Die Beklagte beantragt,

das Urteil des Schleswig-Holsteinischen Landessozialgerichts vom 23. Februar 1972 aufzuheben und die Berufung des Klägers gegen das Urteil des Sozialgerichts Schleswig vom 15. September 1970 zurückzuweisen,

hilfsweise,

das angefochtene Urteil aufzuheben und die Sache zur erneuten Verhandlung und Entscheidung an das Landessozialgericht zurückzuverweisen.

Der Kläger beantragt,

die Revision zu verwerfen,

hilfsweise zurückzuweisen.

Die Revision müsse ungeachtet ihrer Zulassung als unzulässig verworfen werden, weil die Revisionsbegründung entgegen den gesetzlichen Vorschriften nicht die verletzte Rechtsnorm bezeichne. Die Revision sei zudem nicht mit der unterlassenen oder falschen Anwendung von Bestimmungen des Bundesrechts begründet worden. Zumindest sei die Revision aber zurückzuweisen. Die Bestellung eines Sicherheitsbeauftragten sei kein einseitiger Akt des Unternehmers. Die Bestellung hänge vielmehr von der Annahme des Amts durch den Bestellten ab. Der Unternehmer habe keine rechtliche Möglichkeit, den Ausgewählten zur Übernahme des Amts zu zwingen. Die Schrift der Beklagten, wie Schwierigkeiten bei der Bestellung von Sicherheitsbeauftragten behoben werden könnten, enthalte zwar gute Hinweise, sei zeige aber keinen Weg, wie der Unternehmer zum Ziel komme, wenn die Betriebsangehörigen die Weigerung aufrechterhielten. Es gehe aber nicht an, daß die Beklagte ohne Prüfung im Einzelfall eine Ordnungsstrafe verhänge. Sie müsse an Ort und Stelle untersuchen, warum kein Sicherheitsbeauftragter habe bestellt werden können, um ein Verschulden des Unternehmers herauszufinden und ihm das im Ordnungsstrafbescheid vor Augen führen. Das angefochtene Urteil habe ausdrücklich festgestellt, daß er sich nachdrücklich um die Bestellung eines Sicherheitsbeauftragten bemüht und alles getan habe, was in seiner Macht gestanden habe. Der ausgebliebene Erfolg könne ihm nicht als Vorschulden zur Last gelegt werden. Zu Recht habe das angefochtene Urteil der Beklagten den Vorwurf gemacht, daß sie nichts getan habe, um dem Kläger in seinen besonderen Nöten zu helfen.

 

Entscheidungsgründe

II.

Mit Einverständnis der Beteiligten hat der Senat ohne mündliche Verhandlung entschieden (§ 124 Abs. 2 des SozialgerichtsgesetzesSGG –).

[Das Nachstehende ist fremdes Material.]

(* Let $\gamma>0$ and $S=(S_1,\ldots,S_n)$ be nonnegative nonzero symmetric $p\times p$ matrices. Then for all $\Delta,\Delta'\in\mathcal D_n^+$, $$d_s\big(\Lambda^S(\Delta),\Lambda^S(\Delta')\big)\le\max\big(\phi^S_\gamma(\Delta),\phi^S_\gamma(\Delta')\big)\,d_s(\Delta,\Delta'),$$ and in particular $\Lambda^S:\mathcal D_n^+\to\mathcal D_n^+$ is stable.
   Context: $\mathcal D_n^+$: $n\times n$ diagonal matrices with positive diagonal entries; $d_s(\Delta,\Delta')=\max_i\frac{|\Delta_i-\Delta'_i|}{\sqrt{\Delta_i\Delta'_i}}$; a map is stable if it is $1$-Lipschitz for $d_s$. $Q_\gamma(S,\Delta)=\big(\frac1n\sum_i\Delta_iS_i+\gamma I_p\big)^{-1}$, $\phi^S_\gamma(\Delta)=\|I_p-\gamma Q_\gamma(S,\Delta)\|$ (spectral norm). $\Lambda^S(\Delta)\in\mathcal D_n^+$ is the unique solution of $\Lambda^S(\Delta)_i=\frac1n\operatorname{tr}\Big(S_i\big(\frac1n\sum_{j=1}^n\frac{\Delta_jS_j}{1+\Delta_j\Lambda^S(\Delta)_j}+\gamma I_p\big)^{-1}\Big)$, $i\in[n]$. *)

theory Defs
  imports "HOL-Analysis.Analysis"
begin

text \<open>Elements of D_n^+ are represented by their diagonal, a vector in real^'n
  with positive entries; n = CARD('n), p = CARD('p).\<close>

definition pos_diag :: "real^'n \<Rightarrow> bool" where
  "pos_diag \<Delta> \<longleftrightarrow> (\<forall>i. 0 < \<Delta>$i)"

definition d_s :: "real^'n::finite \<Rightarrow> real^'n \<Rightarrow> real" where
  "d_s \<Delta> \<Delta>' = Max (range (\<lambda>i. \<bar>\<Delta>$i - \<Delta>'$i\<bar> / sqrt (\<Delta>$i * \<Delta>'$i)))"

definition stable :: "(real^'n::finite \<Rightarrow> real^'n) \<Rightarrow> bool" where
  "stable f \<longleftrightarrow> (\<forall>\<Delta> \<Delta>'. pos_diag \<Delta> \<longrightarrow> pos_diag \<Delta>' \<longrightarrow>
      d_s (f \<Delta>) (f \<Delta>') \<le> d_s \<Delta> \<Delta>')"

definition nonneg_sym :: "real^'p^'p \<Rightarrow> bool" where
  "nonneg_sym A \<longleftrightarrow> transpose A = A \<and> (\<forall>x. 0 \<le> x \<bullet> (A *v x))"

definition Qmat :: "real \<Rightarrow> ('n::finite \<Rightarrow> real^'p^'p) \<Rightarrow> real^'n \<Rightarrow> real^'p^'p" where
  "Qmat \<gamma> S \<Delta> = matrix_inv ((1 / real CARD('n)) *\<^sub>R (\<Sum>i\<in>UNIV. (\<Delta>$i) *\<^sub>R S i)
       + \<gamma> *\<^sub>R mat 1)"

definition phi :: "real \<Rightarrow> ('n::finite \<Rightarrow> real^'p^'p) \<Rightarrow> real^'n \<Rightarrow> real" where
  "phi \<gamma> S \<Delta> = onorm (\<lambda>x. (mat 1 - \<gamma> *\<^sub>R Qmat \<gamma> S \<Delta>) *v x)"

definition Lambda_eq :: "real \<Rightarrow> ('n::finite \<Rightarrow> real^'p^'p) \<Rightarrow> real^'n \<Rightarrow> real^'n \<Rightarrow> bool" where
  "Lambda_eq \<gamma> S \<Delta> L \<longleftrightarrow> pos_diag L \<and>
     (\<forall>i. L$i = (1 / real CARD('n)) * trace (S i ** matrix_inv
        ((1 / real CARD('n)) *\<^sub>R (\<Sum>j\<in>UNIV. (\<Delta>$j / (1 + \<Delta>$j * L$j)) *\<^sub>R S j)
          + \<gamma> *\<^sub>R mat 1)))"

definition LambdaS :: "real \<Rightarrow> ('n::finite \<Rightarrow> real^'p^'p) \<Rightarrow> real^'n \<Rightarrow> real^'n" where
  "LambdaS \<gamma> S \<Delta> = (THE L. Lambda_eq \<gamma> S \<Delta> L)"

end

theory Submission
  imports Defs
begin

text \<open>Write \<open>A D = (1/n) \<Sum>j. D_j S_j\<close> and \<open>Q D = (A D + \<gamma> I)\<^sup>-\<^sup>1\<close>. The defining equation of
  \<open>\<Lambda>\<^sup>S(\<Delta>)\<close> says that \<open>\<Lambda>\<close> is a fixed point of \<open>L \<mapsto> T (damped \<Delta> L)\<close>, where
  \<open>T D = ((1/n) tr (S_i Q D))\<^sub>i\<close> and \<open>damped \<Delta> L = (\<Delta>_j / (1 + \<Delta>_j L_j))\<^sub>j\<close>.
  Writing \<open>S_i\<close> as a Gram matrix, \<open>T D\<close> becomes a sum of quadratic forms of \<open>Q D\<close>; the
  resolvent identity \<open>Q D - Q D' = Q D (A D' - A D) Q D'\<close> and two Cauchy--Schwarz inequalities give
  \<open>|T D_i - T D'_i| \<le> e sqrt (\<phi>(E) T D_i) sqrt (\<phi>(E') T D'_i)\<close> whenever \<open>D \<le> E\<close>, \<open>D' \<le> E'\<close> and
  \<open>|D_j - D'_j| \<le> e sqrt (D_j D'_j)\<close> for all \<open>j\<close>. As \<open>\<phi> < 1\<close>, \<open>T\<close> contracts \<open>d_s\<close> by the factor
  \<open>max \<phi>(E) \<phi>(E')\<close>, while \<open>damped\<close> does not increase \<open>d_s\<close>: it is built from inversion, which
  preserves \<open>d_s\<close>, and addition, which does not increase it. A fixed point exists by Brouwer's
  theorem and is unique by the contraction estimate; comparing the fixed points for \<open>\<Delta>\<close> and
  \<open>\<Delta>'\<close> gives the bound, and stability follows from \<open>\<phi> < 1\<close>.\<close>


section \<open>Relative distance of positive reals\<close>

text \<open>The lemmas named \<open>rel_dist\<close> concern the relation \<open>|x - y| \<le> e * sqrt (x * y)\<close>, the
  one-coordinate form of \<open>d_s\<close>.\<close>

lemma rel_dist_inverse:
  fixes p p' e :: real
  assumes "0 < p" "0 < p'" and "\<bar>p - p'\<bar> \<le> e * sqrt (p * p')"
  shows "\<bar>1/p - 1/p'\<bar> \<le> e * sqrt (1/p * (1/p'))"
proof -
  define s where "s = sqrt (p * p')"
  have s: "0 < s" "s * s = p * p'" using assms by (simp_all add: s_def)
  have "\<bar>1/p - 1/p'\<bar> = \<bar>p - p'\<bar> / (s * s)"
    using assms s by (simp add: field_simps abs_minus_commute)
  also have "\<dots> \<le> e * s / (s * s)"
    using assms(3) s by (simp add: s_def divide_right_mono)
  also have "\<dots> = e * (1 / s)" using s(1) by simp
  also have "1 / s = sqrt (1/p * (1/p'))" by (simp add: s_def real_sqrt_divide)
  finally show ?thesis .
qed

lemma sqrt_mult_add_le:
  fixes a b c d :: real
  assumes "0 \<le> a" "0 \<le> b" "0 \<le> c" "0 \<le> d"
  shows "sqrt (a * b) + sqrt (c * d) \<le> sqrt ((a + c) * (b + d))"
proof -
  have "2 * sqrt (a * d) * sqrt (c * b) \<le> a * d + c * b"
    using sum_squares_bound[of "sqrt (a * d)" "sqrt (c * b)"] assms by (simp add: power2_eq_square)
  then have "(sqrt (a * b) + sqrt (c * d))\<^sup>2 \<le> (a + c) * (b + d)"
    using assms by (simp add: power2_eq_square algebra_simps real_sqrt_mult)
  then show ?thesis using assms by (simp add: real_le_rsqrt)
qed

lemma rel_dist_add:
  fixes a a' b b' e :: real
  assumes "0 \<le> a" "0 \<le> a'" "0 \<le> b" "0 \<le> b'" "0 \<le> e"
    and "\<bar>a - a'\<bar> \<le> e * sqrt (a * a')" "\<bar>b - b'\<bar> \<le> e * sqrt (b * b')"
  shows "\<bar>(a + b) - (a' + b')\<bar> \<le> e * sqrt ((a + b) * (a' + b'))"
proof -
  have "\<bar>(a + b) - (a' + b')\<bar> \<le> e * (sqrt (a * a') + sqrt (b * b'))"
    using assms(6,7) by (simp add: algebra_simps)
  also have "\<dots> \<le> e * sqrt ((a + b) * (a' + b'))"
    using assms by (intro mult_left_mono sqrt_mult_add_le) auto
  finally show ?thesis .
qed

text \<open>Writing \<open>x / (1 + x * y) = 1 / (1/x + y)\<close>, both lemmas below reduce to the behaviour of the
  relative distance under inversion and addition.\<close>

lemma rel_dist_damped:
  fixes x x' y y' e :: real
  assumes "0 < x" "0 < x'" "0 \<le> y" "0 \<le> y'" "0 \<le> e"
    and "\<bar>x - x'\<bar> \<le> e * sqrt (x * x')" "\<bar>y - y'\<bar> \<le> e * sqrt (y * y')"
  shows "\<bar>x / (1 + x * y) - x' / (1 + x' * y')\<bar> \<le> e * sqrt (x / (1 + x * y) * (x' / (1 + x' * y')))"
proof -
  have inv: "\<bar>1/x - 1/x'\<bar> \<le> e * sqrt (1/x * (1/x'))"
    using assms by (intro rel_dist_inverse) auto
  have "\<bar>(1/x + y) - (1/x' + y')\<bar> \<le> e * sqrt ((1/x + y) * (1/x' + y'))"
    using assms inv by (intro rel_dist_add) auto
  then have "\<bar>1 / (1/x + y) - 1 / (1/x' + y')\<bar> \<le> e * sqrt (1 / (1/x + y) * (1 / (1/x' + y')))"
    using assms by (intro rel_dist_inverse) (auto intro: add_pos_nonneg)
  moreover have "x / (1 + x * y) = 1 / (1/x + y)" "x' / (1 + x' * y') = 1 / (1/x' + y')"
    using assms by (simp_all add: field_simps)
  ultimately show ?thesis by simp
qed

lemma rel_dist_damped_lipschitz:
  fixes x y y' :: real
  assumes "0 < x" "0 \<le> y" "0 \<le> y'"
  shows "\<bar>x / (1 + x * y) - x / (1 + x * y')\<bar>
    \<le> x * \<bar>y - y'\<bar> * sqrt (x / (1 + x * y) * (x / (1 + x * y')))"
proof -
  have "(1/x)\<^sup>2 \<le> (1/x + y) * (1/x + y')"
    unfolding power2_eq_square using assms by (intro mult_mono) auto
  then have "1/x \<le> sqrt ((1/x + y) * (1/x + y'))" by (rule real_le_rsqrt)
  then have "\<bar>(1/x + y) - (1/x + y')\<bar> \<le> x * \<bar>y - y'\<bar> * sqrt ((1/x + y) * (1/x + y'))"
    using assms mult_left_mono[of "1/x" _ "x * \<bar>y - y'\<bar>"] by simp
  then have "\<bar>1 / (1/x + y) - 1 / (1/x + y')\<bar>
      \<le> x * \<bar>y - y'\<bar> * sqrt (1 / (1/x + y) * (1 / (1/x + y')))"
    using assms by (intro rel_dist_inverse) (auto intro: add_pos_nonneg)
  moreover have "x / (1 + x * y) = 1 / (1/x + y)" "x / (1 + x * y') = 1 / (1/x + y')"
    using assms by (simp_all add: field_simps)
  ultimately show ?thesis by simp
qed

lemma sum_sqrt_mult_le:
  fixes a b :: "'a \<Rightarrow> real"
  assumes "\<And>k. k \<in> K \<Longrightarrow> 0 \<le> a k" "\<And>k. k \<in> K \<Longrightarrow> 0 \<le> b k"
  shows "(\<Sum>k\<in>K. sqrt (a k) * sqrt (b k)) \<le> sqrt (\<Sum>k\<in>K. a k) * sqrt (\<Sum>k\<in>K. b k)"
  using L2_set_mult_ineq[where f="\<lambda>k. sqrt (a k)" and g="\<lambda>k. sqrt (b k)" and A=K] assms
  by (simp add: L2_set_def cong: sum.cong)

lemma pos_diag_nonneg: "pos_diag L \<Longrightarrow> 0 \<le> L"
  by (simp add: pos_diag_def less_eq_vec_def less_imp_le)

Die Revision der Beklagten ist zulässig und insofern begründet, als das angefochtene Urteil aufgehoben und der Rechtsstreit zur erneuten Verhandlung und Entscheidung an das LSG zurückzuverweisen ist.

Zu Unrecht ist der Kläger der Ansicht, daß die Revision der Beklagten nicht zulässig sei. Sein Hinweis, daß die Revision nur darauf gestützt werden könne, daß die Entscheidung auf der Nichtanwendung oder unrichtigen Anwendung einer Vorschrift des Bundesrechts oder einer sonstigen im Bezirk des Berufungsgerichts geltenden Vorschrift beruht, deren Geltungsbereich sich über den Bezirk des Berufungsgerichts hinaus erstreckt (§ 162 Abs. 2 SGG) uns daß die Revisionsbegründung die verletzte Rechtsnorm bezeichnen müsse (§ 164 Abs. 2 SGG), gibt zwar die Rechtslage zutreffend wieder, jedoch entspricht die Revisionsbegründung der Beklagten diesen Erfordernissen. Die verletzte Rechtsnorm braucht nicht in der Weise angegeben zu werden, daß die betroffene Vorschrift ausdrücklich angeführt wird; es genügt, wenn sich aus der Revisionsbegründung klar ergibt, welche Vorschrift als verletzt angesehen wird (Peters/Sautter/Wolff, Kommentar zur Sozialgerichtsbarkeit, Anm. 4 zu § 164 S. III/80–114– mit weiteren Nachweisen). Die Beklagte hat in ihrer Revisionsbegründungsschrift u. a. ausgeführt, daß ihrer Ansicht nach § 719 Abs. 1 RVO die Bestellung eines Sicherheitsbeauftragten durch einseitigen Akt des Unternehmers zuläßt, während das LSG im angefochtenen Urteil dies ablehnt. Damit ist von der Revision hinreichend deutlich die Verletzung einer dem Bundesrecht zuzurechnen – den Rechtsnorm gerügt worden. Da die Ordnungsstrafbefugnis der Beklagten aus § 710 RVO hergeleitet ist und nur schuldhafte Verstöße durch eine Ordnungsstrafe geahndet werden dürfen, sind die Ausführungen der Revision über die Maßnahmen, die der Kläger zur Bestellung eines Sicherheitsbeauftragten entgegen der Ansicht des LSG hätte ergreifen können oder müssen, als Rügen einer Verletzung des § 710 RVO zu verstehen.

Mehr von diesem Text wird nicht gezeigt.